In 2012 Theresa May argued that Scotland and other UK nations would “flourish side-by-side as equal partners” after a ‘No’ vote. But by 2018 Caroline Nokes – the Tory Minister of State for Immigration under Theresa May – dismissively rejects immigration powers for Scotland bysaying Scotland is the equivalent of an English county council.

By 2019 this supposed “equal union” sees the post-Brexit Tories unveil plans to take control of Holyrood cash. Previously EU funding was given directly to Holyrood to spend but from 2021 is controlled by the Westminster government. Holyrood had continually rejected this power grab.

And it’s been no different under Keir Starmer’s Labour government with Scotland treated as an afterthought.

In January 2025 Rachel Reeves laid out a list of big investments – particularly investment between Cambridge and Oxford – the locations of the UK’s elite universities.
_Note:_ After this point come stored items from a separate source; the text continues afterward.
definition is_walk :: "('v \<Rightarrow> nat \<Rightarrow> 'v option) \<Rightarrow> 'v list \<Rightarrow> 'v \<Rightarrow> 'v \<Rightarrow> bool" where
  "is_walk nbr w u v \<longleftrightarrow> w \<noteq> [] \<and> hd w = u \<and> last w = v \<and>
     (\<forall>i. Suc i < length w \<longrightarrow> adj nbr (w ! i) (w ! Suc i))"

definition port_graph4 :: "('v \<Rightarrow> nat \<Rightarrow> 'v option) \<Rightarrow> bool" where
  "port_graph4 nbr \<longleftrightarrow>
     (\<forall>v. \<exists>d\<le>4. \<forall>p. nbr v p \<noteq> None \<longleftrightarrow> 1 \<le> p \<and> p \<le> d) \<and>
     (\<forall>v p q. nbr v p \<noteq> None \<and> nbr v p = nbr v q \<longrightarrow> p = q) \<and>
     (\<forall>v p. nbr v p \<noteq> Some v) \<and>
     (\<forall>u v. adj nbr u v \<longrightarrow> adj nbr v u) \<and>
     (\<forall>u v. \<exists>w. is_walk nbr w u v)"

definition shortest_path :: "('v \<Rightarrow> nat \<Rightarrow> 'v option) \<Rightarrow> 'v \<Rightarrow> 'v \<Rightarrow> 'v list \<Rightarrow> bool" where
  "shortest_path nbr s t P \<longleftrightarrow> is_walk nbr P s t \<and>
     (\<forall>w. is_walk nbr w s t \<longrightarrow> length P \<le> length w)"

definition port_to :: "('v \<Rightarrow> nat \<Rightarrow> 'v option) \<Rightarrow> 'v \<Rightarrow> 'v \<Rightarrow> nat" where
  "port_to nbr u v = (THE p. nbr u p = Some v)"
lemma matrix_inv_cmult_matrix_mult:
  assumes "w \<noteq> 0"
  shows "matrix_inv (cmult_matrix w) *v v = vec_of_complex (complex_of_vec v / w)"
proof -
  have "invertible (cmult_matrix w)"
    using assms by (simp add: invertible_cmult_matrix)
  then have "cmult_matrix w ** matrix_inv (cmult_matrix w) = mat 1"
    unfolding invertible_def matrix_inv_def by (rule someI2_ex) auto
  then have "cmult_matrix w *v (matrix_inv (cmult_matrix w) *v v) = v"
    by (simp add: matrix_vector_mul_assoc)
  then have "complex_of_vec (matrix_inv (cmult_matrix w) *v v) = complex_of_vec v / w"
    using assms by (auto simp: cmult_matrix_mult vec_of_complex_eq_iff field_simps)
  then show ?thesis
    by (metis complex_of_vec_inverse)
qed

lemma has_derivative_planar:
  assumes "(g has_field_derivative g') (at (complex_of_vec p))"
  shows "(planar g has_derivative (*v) (cmult_matrix g')) (at p)"
proof -
  have "((\<lambda>q. g (complex_of_vec q)) has_derivative (\<lambda>v. g' * complex_of_vec v)) (at p)"
    using has_derivative_compose
        [OF bounded_linear_imp_has_derivative [OF bounded_linear_complex_of_vec]
          assms [unfolded has_field_derivative_def]]
    by (simp add: mult.commute)
  from bounded_linear.has_derivative [OF bounded_linear_vec_of_complex this]
  show ?thesis
    by (simp add: planar_def [abs_def] cmult_matrix_mult [abs_def])
qed

lemma jac_planar:
  assumes "(g has_field_derivative g') (at (complex_of_vec p))"
  shows "jac (planar g) p = cmult_matrix g'"
  using frechet_derivative_at [OF has_derivative_planar [OF assms], symmetric] by (simp add: jac_def)

lemma khk_defined_planar:
  assumes "(f has_field_derivative f') (at (complex_of_vec p))"
  shows "khk_defined (planar f) h p \<longleftrightarrow> 1 - of_real h * f' \<noteq> 0"
  by (simp add: khk_defined_def jac_planar [OF assms] mat_1_minus_cmult_matrix
      invertible_cmult_matrix)

lemma khk_planar:
  assumes "(f has_field_derivative f') (at (complex_of_vec p))" and "1 - of_real h * f' \<noteq> 0"
  shows "khk (planar f) h p = planar (\<lambda>z. z + 2 * of_real h * f z / (1 - of_real h * f')) p"
proof -
  have "2 * of_real h * f z / (1 - of_real h * f') = (2 * h) *\<^sub>R (f z / (1 - of_real h * f'))" for z
    by (simp add: scaleR_conv_of_real)
  then show ?thesis
    using assms(2)
    by (simp add: khk_def jac_planar [OF assms(1)] mat_1_minus_cmult_matrix
        matrix_inv_cmult_matrix_mult)
      (simp add: planar_def vec_eq_iff forall_2)
qed

definition riccati :: "complex \<Rightarrow> complex \<Rightarrow> complex \<Rightarrow> complex \<Rightarrow> complex" where
  "riccati a b c z = a * z^2 + b * z + c"

text \<open>The Moebius map with matrix I + h [[b, 2c], [-2a, -b]]. Where its denominator does not
  vanish it is the KHK map z + 2h f(z) / (1 - h f'(z)) of f = riccati a b c with (complex) step h.\<close>

definition riccati_khk :: "complex \<Rightarrow> complex \<Rightarrow> complex \<Rightarrow> complex \<Rightarrow> complex \<Rightarrow> complex" where
  "riccati_khk a b c h z = ((1 + h * b) * z + 2 * h * c) / (1 - h * b - 2 * h * a * z)"

lemma has_field_derivative_riccati: "(riccati a b c has_field_derivative 2 * a * z + b) (at z)"
  unfolding riccati_def [abs_def] by (auto intro!: derivative_eq_intros)

lemma khk_riccati_eq_riccati_khk:
  assumes "1 - h * (2 * a * z + b) \<noteq> 0"
  shows "z + 2 * h * riccati a b c z / (1 - h * (2 * a * z + b)) = riccati_khk a b c h z"
  using assms
  by (simp add: riccati_def riccati_khk_def field_simps) (simp add: algebra_simps power2_eq_square)

lemma riccati_khk_scale: "riccati_khk (\<mu> * a) (\<mu> * b) (\<mu> * c) h = riccati_khk a b c (\<mu> * h)"
  by (simp add: fun_eq_iff riccati_khk_def ac_simps)

text \<open>Both composites are the Moebius map of (I + hK)(I + kK) = (I + kK)(I + hK). Since x / 0 = 0
  they agree even where the outer denominator vanishes, so only the inner ones are constrained.\<close>

lemma riccati_khk_commute:
  assumes "1 - h * b - 2 * h * a * z \<noteq> 0" and "1 - k * b - 2 * k * a * z \<noteq> 0"
  shows "riccati_khk a b c h (riccati_khk a b c k z) = riccati_khk a b c k (riccati_khk a b c h z)"
proof -
  have "riccati_khk a b c h (riccati_khk a b c k z) =
    ((1 + h*b) * ((1 + k*b) * z + 2*k*c) + 2*h*c * (1 - k*b - 2*k*a*z)) /
    ((1 - h*b) * (1 - k*b - 2*k*a*z) - 2*h*a * ((1 + k*b) * z + 2*k*c))"
    if "1 - k * b - 2 * k * a * z \<noteq> 0" for h k
    using that by (simp add: riccati_khk_def divide_simps)
  then show ?thesis
    using assms by (simp add: algebra_simps)
qed

lemma has_field_derivative_riccati_khk:
  assumes "1 - h * b - 2 * h * a * z \<noteq> 0"
  shows "(riccati_khk a b c h has_field_derivative
     (1 - h^2 * (b^2 - 4 * a * c)) / (1 - h * b - 2 * h * a * z)^2) (at z)"
  unfolding riccati_khk_def [abs_def] using assms
  by (auto intro!: derivative_eq_intros simp: field_simps power2_eq_square)

lemma riccati_riccati_khk:
  assumes "1 - h * b - 2 * h * a * z \<noteq> 0"
  shows "riccati a b c (riccati_khk a b c h z) =
    (1 - h^2 * (b^2 - 4 * a * c)) / (1 - h * b - 2 * h * a * z)^2 * riccati a b c z"
proof -
  define N D where "N = (1 + h * b) * z + 2 * h * c" and "D = 1 - h * b - 2 * h * a * z"
  have "D \<noteq> 0"
    using assms by (simp add: D_def)
  then have "riccati a b c (N / D) = (a * N^2 + b * N * D + c * D^2) / D^2"
    by (simp add: riccati_def field_simps power2_eq_square)
  also have "a * N^2 + b * N * D + c * D^2 = (1 - h^2 * (b^2 - 4 * a * c)) * riccati a b c z"
    unfolding N_def D_def riccati_def by algebra
  finally show ?thesis
    by (simp add: riccati_khk_def N_def D_def)
qed

lemma riccati_khk_S1: "riccati_khk 1 \<i> 0 h z = (1 + \<i> * h) * z / (1 - \<i> * h - 2 * h * z)"
  by (simp add: riccati_khk_def algebra_simps)

lemma riccati_khk_S1_add_i:
  assumes "1 - \<i> * h - 2 * h * z \<noteq> 0"
  shows "riccati_khk 1 \<i> 0 h z + \<i> = (1 - \<i> * h) * (z + \<i>) / (1 - \<i> * h - 2 * h * z)"
  using assms by (simp add: riccati_khk_S1 field_simps)

lemma cmod_one_pm_i_real:
  "(cmod (1 + \<i> * of_real e))^2 = 1 + e^2" "(cmod (1 - \<i> * of_real e))^2 = 1 + e^2"
  by (simp_all add: cmod_power2)

lemma one_plus_two_Im: "1 + 2 * Im w = (cmod (w + \<i>))^2 - (cmod w)^2"
  unfolding cmod_power2 by (simp add: power2_eq_square algebra_simps)

lemma cmod_riccati_khk_S1:
  "(cmod (riccati_khk 1 \<i> 0 (of_real e) z))^2 =
    (1 + e^2) / (cmod (1 - \<i> * of_real e - 2 * of_real e * z))^2 * (cmod z)^2"
  by (simp add: riccati_khk_S1 norm_divide norm_mult power_divide power_mult_distrib
      cmod_one_pm_i_real)
(* Let $n\ge 1$ be an integer. The game value of \textsc{Snort} played on the star $K_{1,n}$ whose centre is tinted blue (and whose leaves are untinted) is $\{\, n \mid * \,\}$ if $n$ is even, and $\{\, n \mid 0 \,\}$ if $n$ is odd.
   Context: \textsc{Snort} is a two-player normal-play combinatorial game (the player unable to move loses) between Left (blue) and Right (red), played on a finite simple graph in which each vertex may be tinted blue, tinted red, or untinted. Left may move on any vertex not tinted red; Right may move on any vertex not tinted blue. A move on vertex $v$ deletes $v$ and tints all neighbours of $v$ in the mover's colour; any vertex that thereby becomes tinted in both colours is deleted. (This is equivalent to the original game in which players alternately colour vertices and may not colour a vertex adjacent to an opponent-coloured vertex.) Game values are in the standard sense of combinatorial game theory: $\{A \mid B\}$ denotes the game with Left options $A$ and Right options $B$, $0=\{\,\mid\,\}$, $*=\{0\mid 0\}$, and equality is the usual equality of games. $K_{1,n}$ is the star with one centre vertex adjacent to $n$ leaves. *)

theory Defs
  imports Main
begin

datatype game = Game (left_opts: "game list") (right_opts: "game list")

function game_le :: "game \<Rightarrow> game \<Rightarrow> bool" where
  "game_le (Game GL GR) (Game HL HR) \<longleftrightarrow>
     (\<forall>gl \<in> set GL. \<not> game_le (Game HL HR) gl) \<and>
     (\<forall>hr \<in> set HR. \<not> game_le hr (Game GL GR))"
  by pat_completeness auto
termination
  by (relation "measure (\<lambda>(G, H). size G + size H)")
     (auto dest!: size_list_estimation' [where f = size and y = "size _", OF _ order_refl]
           simp: size_list_estimation')

definition game_eq :: "game \<Rightarrow> game \<Rightarrow> bool" where
  "game_eq G H \<longleftrightarrow> game_le G H \<and> game_le H G"

definition zero_game :: game where "zero_game = Game [] []"
definition star_game :: game where "star_game = Game [zero_game] [zero_game]"

primrec nat_game :: "nat \<Rightarrow> game" where
  "nat_game 0 = zero_game"
| "nat_game (Suc k) = Game [nat_game k] []"

datatype tint = Untinted | Blue | Red

datatype player = LeftP | RightP

definition colour :: "player \<Rightarrow> tint" where
  "colour p = (case p of LeftP \<Rightarrow> Blue | RightP \<Rightarrow> Red)"

definition opp_colour :: "player \<Rightarrow> tint" where
  "opp_colour p = (case p of LeftP \<Rightarrow> Red | RightP \<Rightarrow> Blue)"

text \<open>A position: a fixed symmetric irreflexive edge relation E (on the
  ambient vertex type), the finite set V of remaining vertices, and a tint
  function.\<close>
definition legal :: "player \<Rightarrow> 'a set \<Rightarrow> ('a \<Rightarrow> tint) \<Rightarrow> 'a \<Rightarrow> bool" where
  "legal p V t v \<longleftrightarrow> v \<in> V \<and> t v \<noteq> opp_colour p"

text \<open>Moving on v deletes v, tints the neighbours of v in the mover's colour,
  and deletes neighbours that thereby become tinted in both colours (i.e.
  those that were tinted in the opponent's colour).\<close>
definition move_V :: "('a \<Rightarrow> 'a \<Rightarrow> bool) \<Rightarrow> player \<Rightarrow> 'a set \<Rightarrow> ('a \<Rightarrow> tint) \<Rightarrow> 'a \<Rightarrow> 'a set" where
  "move_V E p V t v = {u \<in> V. u \<noteq> v \<and> \<not> (E v u \<and> t u = opp_colour p)}"

definition move_t :: "('a \<Rightarrow> 'a \<Rightarrow> bool) \<Rightarrow> player \<Rightarrow> ('a \<Rightarrow> tint) \<Rightarrow> 'a \<Rightarrow> ('a \<Rightarrow> tint)" where
  "move_t E p t v = (\<lambda>u. if E v u then colour p else t u)"

text \<open>Game value computed with a fuel parameter (number of vertices);
  each move removes at least one vertex, so fuel = card V suffices.\<close>
primrec snort_aux :: "('a::linorder \<Rightarrow> 'a \<Rightarrow> bool) \<Rightarrow> nat \<Rightarrow> 'a set \<Rightarrow> ('a \<Rightarrow> tint) \<Rightarrow> game" where
  "snort_aux E 0 V t = Game [] []"
| "snort_aux E (Suc k) V t =
     Game (map (\<lambda>v. snort_aux E k (move_V E LeftP V t v) (move_t E LeftP t v))
               (filter (legal LeftP V t) (sorted_list_of_set V)))
          (map (\<lambda>v. snort_aux E k (move_V E RightP V t v) (move_t E RightP t v))
               (filter (legal RightP V t) (sorted_list_of_set V)))"

definition snort_value :: "('a::linorder \<Rightarrow> 'a \<Rightarrow> bool) \<Rightarrow> 'a set \<Rightarrow> ('a \<Rightarrow> tint) \<Rightarrow> game" where
  "snort_value E V t = snort_aux E (card V) V t"

text \<open>The star K_{1,n}: centre 0, leaves 1..n.\<close>
definition star_edges :: "nat \<Rightarrow> nat \<Rightarrow> bool" where
  "star_edges u v \<longleftrightarrow> (u = 0 \<and> v \<noteq> 0) \<or> (v = 0 \<and> u \<noteq> 0)"

definition star_centre_blue :: "nat \<Rightarrow> tint" where
  "star_centre_blue u = (if u = 0 then Blue else Untinted)"

end

theory Submission
  imports Defs
begin

(* Write S_n for the star with blue centre and n untinted leaves.  Left's move on the centre
   tints every leaf blue, leaving n isolated blue vertices, worth the integer n.  Left's move on a
   leaf leaves S_(n-1), while Right's move on a leaf also deletes the (now doubly tinted) centre,
   leaving n - 1 isolated untinted vertices: a sum of n - 1 copies of *, which is 0 or * by
   parity.  So S_n = {n, S_(n-1) | (n-1).*}, and since S_(n-1) <= n by induction, the option
   S_(n-1) is dominated: S_n = {n | (n-1).*}. *)

primrec isolated_untinted_game :: "nat \<Rightarrow> game" where
  "isolated_untinted_game 0 = zero_game"
| "isolated_untinted_game (Suc k) =
     Game (replicate (Suc k) (isolated_untinted_game k))
          (replicate (Suc k) (isolated_untinted_game k))"

primrec isolated_blue_game :: "nat \<Rightarrow> game" where
  "isolated_blue_game 0 = zero_game"
| "isolated_blue_game (Suc k) = Game (replicate (Suc k) (isolated_blue_game k)) []"

primrec blue_centred_star_game :: "nat \<Rightarrow> game" where
  "blue_centred_star_game 0 = Game [isolated_blue_game 0] []"
| "blue_centred_star_game (Suc k) =
     Game (isolated_blue_game (Suc k) # replicate (Suc k) (blue_centred_star_game k))
          (replicate (Suc k) (isolated_untinted_game k))"

lemma game_le_left_optD:
  "game_le G H \<Longrightarrow> gl \<in> set (left_opts G) \<Longrightarrow> \<not> game_le H gl"
  by (cases G; cases H) auto

lemma game_le_right_optD:
  "game_le G H \<Longrightarrow> hr \<in> set (right_opts H) \<Longrightarrow> \<not> game_le hr G"
  by (cases G; cases H) auto

lemma game_leI:
  "(\<And>gl. gl \<in> set (left_opts G) \<Longrightarrow> \<not> game_le H gl) \<Longrightarrow>
   (\<And>hr. hr \<in> set (right_opts H) \<Longrightarrow> \<not> game_le hr G) \<Longrightarrow> game_le G H"
  by (cases G; cases H) auto

lemma isolated_blue_game_eq_nat_game: "game_eq (isolated_blue_game k) (nat_game k)"
  unfolding game_eq_def
  by (induction k) (auto simp: zero_game_def dest: game_le_left_optD game_le_right_optD)

lemma not_nat_game_Suc_le_isolated_blue_game:
  "\<not> game_le (nat_game (Suc k)) (isolated_blue_game k)"
  using isolated_blue_game_eq_nat_game[of k] by (auto simp: game_eq_def dest: game_le_left_optD)

lemma blue_centred_star_game_le_nat_game_Suc:
  "game_le (blue_centred_star_game k) (nat_game (Suc k))"
proof (induction k)
  case 0
  then show ?case by (simp add: zero_game_def)
next
  case (Suc k)
  then have "\<not> game_le (nat_game (Suc (Suc k))) (blue_centred_star_game k)"
    by (auto dest: game_le_left_optD)
  then show ?case
    using not_nat_game_Suc_le_isolated_blue_game[of "Suc k"] by simp
qed

(* The two incomparabilities are carried along because transitivity of game_le is not available:
   they are exactly what the next induction step needs. *)
lemma isolated_untinted_game_parity:
  "game_eq (isolated_untinted_game k) (if even k then zero_game else star_game) \<and>
   \<not> game_le (isolated_untinted_game k) (if even k then star_game else zero_game) \<and>
   \<not> game_le (if even k then star_game else zero_game) (isolated_untinted_game k)"
  unfolding game_eq_def
  by (induction k)
    (auto simp: zero_game_def star_game_def dest: game_le_left_optD game_le_right_optD)

lemma map_sorted_list_of_set_const:
  "finite A \<Longrightarrow> (\<And>x. x \<in> A \<Longrightarrow> f x = c) \<Longrightarrow>
   map f (sorted_list_of_set A) = replicate (card A) c"
  by (rule replicate_eqI) auto

lemma move_V_eq_Diff:
  "(\<And>u. u \<in> V \<Longrightarrow> E v u \<Longrightarrow> t u \<noteq> opp_colour p) \<Longrightarrow>
   move_V E p V t v = V - {v}"
  by (auto simp: move_V_def)

lemma snort_aux_isolated_untinted:
  fixes E :: "'a::linorder \<Rightarrow> 'a \<Rightarrow> bool"
  assumes "finite L" "\<forall>u\<in>L. \<forall>v\<in>L. \<not> E u v"
    and "\<forall>u\<in>L. t u = Untinted" "card L \<le> f"
  shows "snort_aux E f L t = isolated_untinted_game (card L)"
  using assms
proof (induction f arbitrary: L t)
  case 0
  then show ?case by (simp add: zero_game_def)
next
  case (Suc f)
  have legal: "filter (legal p L t) (sorted_list_of_set L) = sorted_list_of_set L" for p
    using Suc.prems by (auto simp: filter_id_conv legal_def opp_colour_def split: player.splits)
  have "snort_aux E f (move_V E p L t v) (move_t E p t v) =
      isolated_untinted_game (card L - 1)"
    if "v \<in> L" for p v
  proof -
    have "move_V E p L t v = L - {v}"
      using Suc.prems that by (intro move_V_eq_Diff) auto
    then show ?thesis
      using Suc.prems that by (simp add: Suc.IH move_t_def)
  qed
  then show ?case
    using Suc.prems(1)
    by (cases "card L") (simp_all add: legal map_sorted_list_of_set_const zero_game_def)
qed

lemma snort_aux_isolated_blue:
  fixes E :: "'a::linorder \<Rightarrow> 'a \<Rightarrow> bool"
  assumes "finite L" "\<forall>u\<in>L. \<forall>v\<in>L. \<not> E u v"
    and "\<forall>u\<in>L. t u = Blue" "card L \<le> f"
  shows "snort_aux E f L t = isolated_blue_game (card L)"
  using assms
proof (induction f arbitrary: L t)
  case 0
  then show ?case by (simp add: zero_game_def)
next
  case (Suc f)
  have legal_left: "filter (legal LeftP L t) (sorted_list_of_set L) = sorted_list_of_set L"
    and legal_right: "filter (legal RightP L t) (sorted_list_of_set L) = []"
    using Suc.prems by (auto simp: filter_id_conv filter_empty_conv legal_def opp_colour_def)
  have "snort_aux E f (move_V E LeftP L t v) (move_t E LeftP t v) =
      isolated_blue_game (card L - 1)"
    if "v \<in> L" for v
  proof -
    have "move_V E LeftP L t v = L - {v}"
      using Suc.prems that by (intro move_V_eq_Diff) auto
    then show ?thesis
      using Suc.prems that by (simp add: Suc.IH move_t_def)
  qed
  then show ?case
    using Suc.prems(1)
    by (cases "card L")
      (simp_all add: legal_left legal_right map_sorted_list_of_set_const zero_game_def)
qed

lemma sorted_list_of_set_insert_least:
  fixes A :: "'a::linorder set"
  assumes "finite A" "\<forall>x\<in>A. c < x"
  shows "sorted_list_of_set (insert c A) = c # sorted_list_of_set A"
proof -
  have "c \<notin> A"
    using assms(2) by blast
  then show ?thesis
    using assms by (simp add: insort_is_Cons less_imp_le)
qed

(* The hypothesis c < u only puts the centre's option first in Left's option list. *)
lemma snort_aux_blue_centred_star:
  fixes E :: "'a::linorder \<Rightarrow> 'a \<Rightarrow> bool"
  assumes "finite L" "\<forall>u\<in>L. c < u"
    and "\<forall>u\<in>L. E c u \<and> E u c" "\<forall>u\<in>L. \<forall>v\<in>L. \<not> E u v"
    and "t c = Blue" "\<forall>u\<in>L. t u = Untinted" "Suc (card L) \<le> f"
  shows "snort_aux E f (insert c L) t = blue_centred_star_game (card L)"
  using assms
proof (induction f arbitrary: L t)
  case 0
  then show ?case by simp
next
  case (Suc f)
  have "c \<notin> L"
    using Suc.prems(2) by blast
  have order: "sorted_list_of_set (insert c L) = c # sorted_list_of_set L"
    using Suc.prems(1,2) by (rule sorted_list_of_set_insert_least)
  have legal_left: "filter (legal LeftP (insert c L) t) (c # sorted_list_of_set L) =
      c # sorted_list_of_set L"
    and legal_right: "filter (legal RightP (insert c L) t) (c # sorted_list_of_set L) =
      sorted_list_of_set L"
    using Suc.prems by (auto simp: filter_id_conv legal_def opp_colour_def)
  have centre: "snort_aux E f (move_V E LeftP (insert c L) t c) (move_t E LeftP t c) =
      isolated_blue_game (card L)"
  proof -
    have "move_V E LeftP (insert c L) t c = L"
      using Suc.prems \<open>c \<notin> L\<close> by (subst move_V_eq_Diff) (auto simp: opp_colour_def)
    then show ?thesis
      using Suc.prems by (simp add: snort_aux_isolated_blue move_t_def colour_def)
  qed
  have leaf_left: "snort_aux E f (move_V E LeftP (insert c L) t v) (move_t E LeftP t v) =
      blue_centred_star_game (card L - 1)" if "v \<in> L" for v
  proof -
    have "move_V E LeftP (insert c L) t v = insert c (L - {v})"
      using Suc.prems that \<open>c \<notin> L\<close> by (subst move_V_eq_Diff) (auto simp: opp_colour_def)
    moreover have "Suc (card (L - {v})) \<le> f"
      using Suc.prems(1,7) that card_gt_0_iff[of L] by auto
    ultimately show ?thesis
      using Suc.prems that by (simp add: Suc.IH move_t_def colour_def)
  qed
  have leaf_right: "snort_aux E f (move_V E RightP (insert c L) t v) (move_t E RightP t v) =
      isolated_untinted_game (card L - 1)" if "v \<in> L" for v
  proof -
    have "move_V E RightP (insert c L) t v = L - {v}"
      using Suc.prems that \<open>c \<notin> L\<close> by (auto simp: move_V_def opp_colour_def)
    then show ?thesis
      using Suc.prems that by (simp add: snort_aux_isolated_untinted move_t_def)
  qed
  show ?case
    unfolding snort_aux.simps order legal_left legal_right
    using Suc.prems(1) centre leaf_left leaf_right
    by (cases "card L") (simp_all add: map_sorted_list_of_set_const)
qed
Her announcement didn’t mention any such investments for Scotland.

The month of April sees Grangemouth – Scotland’s only oil refinery – close, only seventeen days before this Labour rushed to nationalise a steel plant in England to keep it open whilst ignoring calls to nationalise Grangemouth.

And by July we learnt that Scottish energy bills are to rise to pay for English nuclear plant despite cheaply generated and abundant renewables being Scotland’s main energy source.

None of this meets the promise of 2014 that Scotland would be part of an “equal union” with the pooling and sharing of resources.

It is yet another example of why the people of Scotland deserve the right to decide again.

Your right to decide – Sign the declaration

It’s clear that the Westminster parties have failed to keep their side of the bargain when it comes to their promises made in 2014.

Whether it’s Brexit, being better off by £1,400, your standard of living, the NHS or Scotland’s status in the UK, what they promised has not been delivered.

The failure of the Westminster parties to even meet the spirit of those promises stands as a clear reason for why the people of Scotland deserve the right to decide again on who ultimately governs Scotland.

Westminster has failed to deliver its promises to Scotland and you. You deserve the right to decide again.